PROBLEM TO SOLVE: Once the line with "Gronwall's inequality bounds" is found in the entries below, print it and each following line exactly, stopping after the line with "(* For every"; print nothing else.

[Collected data]
::::
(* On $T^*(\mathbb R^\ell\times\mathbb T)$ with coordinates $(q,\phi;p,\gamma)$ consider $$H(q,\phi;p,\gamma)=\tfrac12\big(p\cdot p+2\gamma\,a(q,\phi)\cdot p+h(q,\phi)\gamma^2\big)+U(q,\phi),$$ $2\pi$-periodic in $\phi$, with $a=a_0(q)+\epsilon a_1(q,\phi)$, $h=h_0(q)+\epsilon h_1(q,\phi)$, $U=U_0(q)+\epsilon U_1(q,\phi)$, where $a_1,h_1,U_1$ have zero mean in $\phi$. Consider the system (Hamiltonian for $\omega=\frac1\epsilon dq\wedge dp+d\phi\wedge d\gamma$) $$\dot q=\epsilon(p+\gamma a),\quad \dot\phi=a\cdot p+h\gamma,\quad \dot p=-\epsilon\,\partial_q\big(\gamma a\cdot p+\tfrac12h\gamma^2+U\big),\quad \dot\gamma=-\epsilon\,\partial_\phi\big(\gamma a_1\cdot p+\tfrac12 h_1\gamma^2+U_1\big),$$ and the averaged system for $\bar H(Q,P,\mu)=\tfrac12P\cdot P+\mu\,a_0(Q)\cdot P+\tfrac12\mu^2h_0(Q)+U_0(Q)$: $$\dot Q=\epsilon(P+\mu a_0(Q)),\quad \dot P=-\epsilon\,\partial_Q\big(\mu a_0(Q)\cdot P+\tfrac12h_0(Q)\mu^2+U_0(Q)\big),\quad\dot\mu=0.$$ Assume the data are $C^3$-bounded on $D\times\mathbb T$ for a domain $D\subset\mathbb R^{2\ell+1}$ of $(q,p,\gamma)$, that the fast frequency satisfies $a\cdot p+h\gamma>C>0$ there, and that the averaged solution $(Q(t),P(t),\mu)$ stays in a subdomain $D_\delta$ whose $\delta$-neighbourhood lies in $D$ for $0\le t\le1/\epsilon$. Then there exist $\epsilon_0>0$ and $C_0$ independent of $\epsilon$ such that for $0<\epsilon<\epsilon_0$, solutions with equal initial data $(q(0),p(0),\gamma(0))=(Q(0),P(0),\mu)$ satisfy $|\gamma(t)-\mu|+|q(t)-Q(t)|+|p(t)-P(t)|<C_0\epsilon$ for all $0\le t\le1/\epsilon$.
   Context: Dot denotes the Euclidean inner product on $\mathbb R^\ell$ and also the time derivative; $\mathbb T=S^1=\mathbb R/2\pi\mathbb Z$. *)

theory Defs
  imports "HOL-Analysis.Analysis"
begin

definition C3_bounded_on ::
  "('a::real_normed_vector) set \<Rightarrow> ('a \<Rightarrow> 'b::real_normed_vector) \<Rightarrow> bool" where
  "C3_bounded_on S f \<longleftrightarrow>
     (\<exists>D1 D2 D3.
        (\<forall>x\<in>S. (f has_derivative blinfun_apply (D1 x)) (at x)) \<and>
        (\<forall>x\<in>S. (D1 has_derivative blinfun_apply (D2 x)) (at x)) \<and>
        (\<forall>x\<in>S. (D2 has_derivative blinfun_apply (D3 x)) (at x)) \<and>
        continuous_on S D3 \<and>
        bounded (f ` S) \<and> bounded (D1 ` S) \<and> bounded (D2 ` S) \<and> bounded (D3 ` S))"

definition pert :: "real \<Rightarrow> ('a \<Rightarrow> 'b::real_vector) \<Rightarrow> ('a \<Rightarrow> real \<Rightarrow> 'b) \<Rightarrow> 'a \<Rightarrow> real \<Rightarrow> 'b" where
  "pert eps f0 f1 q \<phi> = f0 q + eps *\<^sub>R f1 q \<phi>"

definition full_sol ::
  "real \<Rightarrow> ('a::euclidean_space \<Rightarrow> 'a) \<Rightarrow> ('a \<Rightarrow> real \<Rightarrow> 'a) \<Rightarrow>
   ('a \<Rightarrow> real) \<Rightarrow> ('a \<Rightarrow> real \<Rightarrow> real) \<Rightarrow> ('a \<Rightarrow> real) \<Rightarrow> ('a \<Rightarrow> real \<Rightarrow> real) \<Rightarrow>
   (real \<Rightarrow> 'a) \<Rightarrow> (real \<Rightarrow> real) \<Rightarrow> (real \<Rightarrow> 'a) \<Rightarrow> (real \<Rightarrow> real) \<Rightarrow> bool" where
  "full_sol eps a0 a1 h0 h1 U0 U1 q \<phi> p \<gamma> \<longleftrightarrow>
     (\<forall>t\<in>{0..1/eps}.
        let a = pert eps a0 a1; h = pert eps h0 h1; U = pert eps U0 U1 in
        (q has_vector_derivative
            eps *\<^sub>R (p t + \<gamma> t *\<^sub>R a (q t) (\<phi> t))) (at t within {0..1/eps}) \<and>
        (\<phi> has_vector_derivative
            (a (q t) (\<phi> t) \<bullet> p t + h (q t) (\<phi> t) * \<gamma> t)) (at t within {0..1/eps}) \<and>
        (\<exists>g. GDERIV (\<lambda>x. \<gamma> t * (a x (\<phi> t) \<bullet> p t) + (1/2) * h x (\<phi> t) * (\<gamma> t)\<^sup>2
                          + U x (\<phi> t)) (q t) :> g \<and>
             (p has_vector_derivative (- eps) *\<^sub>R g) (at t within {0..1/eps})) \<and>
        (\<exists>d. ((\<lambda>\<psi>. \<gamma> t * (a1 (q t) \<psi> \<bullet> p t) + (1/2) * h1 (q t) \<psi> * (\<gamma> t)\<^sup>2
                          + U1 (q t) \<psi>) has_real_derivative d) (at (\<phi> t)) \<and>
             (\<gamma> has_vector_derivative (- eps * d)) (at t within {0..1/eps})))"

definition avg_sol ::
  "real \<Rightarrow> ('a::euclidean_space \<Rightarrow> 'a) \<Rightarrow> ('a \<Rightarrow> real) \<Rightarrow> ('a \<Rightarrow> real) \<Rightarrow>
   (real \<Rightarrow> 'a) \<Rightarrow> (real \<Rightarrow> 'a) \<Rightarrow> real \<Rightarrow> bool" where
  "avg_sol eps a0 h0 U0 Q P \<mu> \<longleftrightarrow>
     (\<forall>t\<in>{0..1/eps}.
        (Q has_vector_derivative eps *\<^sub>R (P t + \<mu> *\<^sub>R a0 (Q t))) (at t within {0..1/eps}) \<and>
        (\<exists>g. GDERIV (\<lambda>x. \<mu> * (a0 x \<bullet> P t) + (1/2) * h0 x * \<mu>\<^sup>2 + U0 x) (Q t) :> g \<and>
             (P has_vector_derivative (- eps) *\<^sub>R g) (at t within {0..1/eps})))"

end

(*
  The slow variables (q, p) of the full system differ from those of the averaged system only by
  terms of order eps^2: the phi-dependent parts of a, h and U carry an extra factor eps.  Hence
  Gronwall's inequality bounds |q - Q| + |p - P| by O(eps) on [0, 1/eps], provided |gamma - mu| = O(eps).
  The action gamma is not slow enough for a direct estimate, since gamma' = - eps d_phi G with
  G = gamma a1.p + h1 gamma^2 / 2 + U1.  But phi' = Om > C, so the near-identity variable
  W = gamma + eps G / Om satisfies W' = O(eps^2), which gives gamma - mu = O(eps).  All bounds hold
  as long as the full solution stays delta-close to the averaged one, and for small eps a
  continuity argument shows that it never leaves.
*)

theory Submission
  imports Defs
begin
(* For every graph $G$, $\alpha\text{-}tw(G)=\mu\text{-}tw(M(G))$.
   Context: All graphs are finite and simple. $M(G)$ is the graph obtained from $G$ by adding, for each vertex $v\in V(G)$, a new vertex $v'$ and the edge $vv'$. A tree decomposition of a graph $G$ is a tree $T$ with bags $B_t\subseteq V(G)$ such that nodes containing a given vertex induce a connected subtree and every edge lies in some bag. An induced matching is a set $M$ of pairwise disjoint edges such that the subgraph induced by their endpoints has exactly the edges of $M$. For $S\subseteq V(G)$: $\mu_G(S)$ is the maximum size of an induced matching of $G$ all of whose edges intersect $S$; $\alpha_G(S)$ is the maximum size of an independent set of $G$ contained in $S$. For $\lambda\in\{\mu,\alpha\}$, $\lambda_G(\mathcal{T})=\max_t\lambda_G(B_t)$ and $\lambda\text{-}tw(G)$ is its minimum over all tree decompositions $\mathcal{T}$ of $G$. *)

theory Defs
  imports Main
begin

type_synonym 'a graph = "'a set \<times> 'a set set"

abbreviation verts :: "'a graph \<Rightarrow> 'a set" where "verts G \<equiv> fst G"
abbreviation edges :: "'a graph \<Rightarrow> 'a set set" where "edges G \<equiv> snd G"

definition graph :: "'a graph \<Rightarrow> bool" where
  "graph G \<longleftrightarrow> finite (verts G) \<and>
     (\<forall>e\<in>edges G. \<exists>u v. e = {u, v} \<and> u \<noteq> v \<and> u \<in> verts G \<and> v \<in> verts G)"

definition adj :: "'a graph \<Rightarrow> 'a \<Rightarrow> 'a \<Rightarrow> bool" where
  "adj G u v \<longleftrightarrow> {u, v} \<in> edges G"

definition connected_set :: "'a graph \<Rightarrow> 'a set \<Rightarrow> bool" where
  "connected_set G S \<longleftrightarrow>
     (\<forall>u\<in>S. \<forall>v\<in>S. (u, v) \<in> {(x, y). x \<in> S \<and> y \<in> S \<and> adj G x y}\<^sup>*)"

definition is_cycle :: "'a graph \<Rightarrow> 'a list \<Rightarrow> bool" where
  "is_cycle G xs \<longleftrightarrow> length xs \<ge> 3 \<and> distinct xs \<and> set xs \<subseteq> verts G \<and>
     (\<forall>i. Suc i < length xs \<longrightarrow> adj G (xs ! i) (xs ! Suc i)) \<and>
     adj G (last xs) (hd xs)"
::::
SOLUTION FOR THIS TASK:
  Gronwall's inequality bounds |q - Q| + |p - P| by O(eps) on [0, 1/eps], provided |gamma - mu| = O(eps).
  The action gamma is not slow enough for a direct estimate, since gamma' = - eps d_phi G with
  G = gamma a1.p + h1 gamma^2 / 2 + U1.  But phi' = Om > C, so the near-identity variable
  W = gamma + eps G / Om satisfies W' = O(eps^2), which gives gamma - mu = O(eps).  All bounds hold
  as long as the full solution stays delta-close to the averaged one, and for small eps a
  continuity argument shows that it never leaves.
*)

theory Submission
  imports Defs
begin
(* For every graph $G$, $\alpha\text{-}tw(G)=\mu\text{-}tw(M(G))$.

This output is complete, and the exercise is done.